Stratégique et vital pour le Togo, le secteur du phosphate, premier produit d'exportation du pays, est aujourd'hui sinistré: la production de ce minerai a chuté de plus de moitié en dix ans. Selon les chiffres du ministère des Mines, la production de phosphate brut est passée de 5,4 millions de tonnes en 1997 à 2,4 millions en 2006.
Pendant cette même période allant de 1997 à 2006, la production totale s'est montée à 28,7 millions de tonnes contre 51,8 millions entre 1987 et 1996."Le secteur traverse une période très difficile. Les machines sont vieilles, d'autres sont tombées en panne, et celles qui fonctionnent ne sont pas entretenues depuis 1986", confie Etienne Atsu Ata, le directeur du département des mines.
"L'activité n'est plus rentable depuis plus de dix ans en raison de l'état de dégradation avancée des machines et autres matériels, alors que les charges fixes n'ont pas diminué", confirme un responsable du syndicat national des mines (Synem) sous couvert de l'anonymat.
Le phosphate, qui emploie aujourd'hui quelque 2.500 personnes, a été découvert au Togo en 1952. Cinq ans plus tard, l'extraction et la commercialisation ont été confiées à la Compagnie togolaise des mines du Bénin (Ctmb), une société dont l'Etat togolais ne détenait que 35% du capital.
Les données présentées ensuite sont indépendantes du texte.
lemma lam_le_psi:
  assumes "Ival (cube q) \<sigma> = ereal (of_int I)" "Jval (cube q) \<sigma> = ereal (of_int J)"
    and "I + 1 \<le> k" "k \<le> J + 1"
  shows "lam q \<sigma> k \<le> psi q \<sigma>"
proof (cases "0 \<le> lam q \<sigma> k")
  case True
  define T where "T = {j::int. Ival (cube q) \<sigma> + 1 \<le> ereal (of_int j) \<and>
                              ereal (of_int j) \<le> Jval (cube q) \<sigma> + 1}"
  have "T \<subseteq> {I + 1 .. J + 1}" "k \<in> T"
    using assms unfolding T_def by (auto simp: one_ereal_def)
  have "finite T" using \<open>T \<subseteq> _\<close> by (rule finite_subset) simp
  have "lam q \<sigma> k * lam q \<sigma> k \<le> (\<Sum>j\<in>T. lam q \<sigma> j * lam q \<sigma> j)"
    unfolding sum.remove[OF \<open>finite T\<close> \<open>k \<in> T\<close>]
    by (rule add_increasing2) (auto intro!: sum_nonneg simp: ereal_zero_le_0_iff)
  with True show ?thesis
    unfolding psi_def Let_def T_def[symmetric] by (rule ereal_le_sqrt_if_square_le)
next
  case False
  then show ?thesis using psi_nonneg[of q \<sigma>] by simp
qed

lemma vprod_ybh_le_lam:
  fixes \<sigma> :: "real ^ 'n \<Rightarrow> ereal"
  assumes "h \<le> k - 2"
  shows "ereal (vprod (vec q - ybh \<sigma> (vec q) h) / (real_of_int (k - h)) ^ (CARD('n) + 1)) \<le> lam q \<sigma> k"
  unfolding lam_def using assms by (intro SUP_upper) auto
(* Let $G$ be a finite group and $p$ the smallest prime divisor of $|G|$. If $G'\not\subseteq Z(G)$ and $|G/C_G(G')|=|G'\cap Z(G)|=p$, then $Z(G)^*\subsetneq C_G(G')$ and $C_G(G')/Z(G)^*$ can be embedded in $G'/(G'\cap Z(G))$.
   Context: $G'$ is the commutator subgroup, $Z(G)$ the center, $C_G(G')$ the centralizer of $G'$ in $G$. Commutators are $[x,y]=xyx^{-1}y^{-1}$; for $x\in G$, $[G,x]=\{[y,x]: y\in G\}$; for a subset $H\subseteq G$, $H^*=\{x\in G : [G,x]\subseteq H\}$. Thus $Z(G)^*=\{x\in G: [G,x]\subseteq Z(G)\}$. *)

theory Defs
  imports "HOL-Algebra.Algebra" "HOL-Computational_Algebra.Primes"
begin

text \<open>Commutator [x,y] = x y x^-1 y^-1 (same convention as HOL-Algebra's derived_set).\<close>
definition gcomm :: "('a, 'b) monoid_scheme \<Rightarrow> 'a \<Rightarrow> 'a \<Rightarrow> 'a" where
  "gcomm G x y = x \<otimes>\<^bsub>G\<^esub> y \<otimes>\<^bsub>G\<^esub> inv\<^bsub>G\<^esub> x \<otimes>\<^bsub>G\<^esub> inv\<^bsub>G\<^esub> y"

definition gcenter :: "('a, 'b) monoid_scheme \<Rightarrow> 'a set" where
  "gcenter G = {z \<in> carrier G. \<forall>x \<in> carrier G. z \<otimes>\<^bsub>G\<^esub> x = x \<otimes>\<^bsub>G\<^esub> z}"

definition gcentralizer :: "('a, 'b) monoid_scheme \<Rightarrow> 'a set \<Rightarrow> 'a set" where
  "gcentralizer G H = {x \<in> carrier G. \<forall>h \<in> H. x \<otimes>\<^bsub>G\<^esub> h = h \<otimes>\<^bsub>G\<^esub> x}"

definition gstar :: "('a, 'b) monoid_scheme \<Rightarrow> 'a set \<Rightarrow> 'a set" where
  "gstar G H = {x \<in> carrier G. \<forall>y \<in> carrier G. gcomm G y x \<in> H}"

end

theory Submission
  imports Defs
begin

text \<open>Write \<open>D = G'\<close>, \<open>C = C\<^sub>G(D)\<close> and \<open>Z = Z(G)\<close>. Elements of \<open>C\<close> commute with all
  commutators, so \<open>C\<close> is normal, its own commutators are central, and for fixed \<open>g\<close> the map
  \<open>x \<mapsto> [g,x]\<close> is a homomorphism \<open>C \<rightarrow> D\<close>. Because \<open>|G : C|\<close> is prime, \<open>C\<close> is a maximal
  subgroup; hence, for \<open>g \<notin> C\<close> and \<open>x \<in> C\<close>, the subgroup \<open>{y. [y,x] \<in> Z}\<close>, which contains \<open>C\<close>,
  is all of \<open>G\<close> as soon as it contains \<open>g\<close>. So \<open>Z\<^sup>*\<close> is exactly the kernel of
  \<open>C \<rightarrow> D/(D \<inter> Z)\<close>, \<open>x \<mapsto> [g,x](D \<inter> Z)\<close>, and the homomorphism theorem gives the embedding.
  \<open>Z\<^sup>* \<noteq> C\<close>, since otherwise the same maximality argument would put \<open>g\<close> into \<open>Z\<^sup>* \<subseteq> C\<close>.\<close>

lemma (in group_hom) hom_gcomm:
  "x \<in> carrier G \<Longrightarrow> y \<in> carrier G \<Longrightarrow> h (gcomm G x y) = gcomm H (h x) (h y)"
  by (simp add: gcomm_def)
En 1974, la Ctmb sera nationalisée avec la création de l'Office togolais des phosphates (OTP).
"Les ressources ont été mal gérées et l'Office a été confronté à des détournements", affirme le responsable du Synem.
Conséquence de cette mauvaise gestion, l'OTP a été contraint en 2002 d'ouvrir son capital à des partenaires tunisiens, donnant ainsi le jour à un nouveau groupe, l'International Fertilizers Group (IFG-Togo).
"Cette société n'a pas honoré ses obligations. L'Etat veut repartir sur de nouvelles et saines bases en raison du poids du phosphate dans l'économie nationale" (environ 40% des recettes d'exportation), confie un ministre sous couvert de l'anonymat.
Le 14 mai dernier, le gouvernement a finalement décidé de dissoudre IFG-Togo et de créer la Société nouvelle des phosphates du Togo (SNPT).
La SNPT est une "société étatique qui sera dotée d'une gestion rigoureuse et transparente", précise le même ministre, laissant entendre cela n'avait probablement pas toujours été le cas.
Le monde du phosphate est "assez opaque", estime de son côté un diplomate à Lomé.
"L'incapacité de l'OTP puis de IFG-TOGO à remplir leurs obligations a conduit à une situation sinistrée de notre industrie phosphatière", a reconnu le conseil des ministres le 14 mai.
Selon des services techniques du ministère des Mines, l'Etat devra investir plus de 30 milliards de F.CFA (46 millions d'euros) pour la réhabilitation des machines et autres matériels.
"Des discussions sont en cours avec la Banque Islamique de développement pour aider le Togo à sauver son phosphate", a indiqué un responsable du ministère des Finances.
Mais au-delà des difficultés financières, la SNPT devra également faire face aux délestages d'électricité, prévient un responsable du service de maintenance du matériel d'extraction et de traitement.
Le Togo traverse depuis avril 2006, une crise énergétique sans précédent depuis 1998 qui pénalise tous les secteurs d'activité.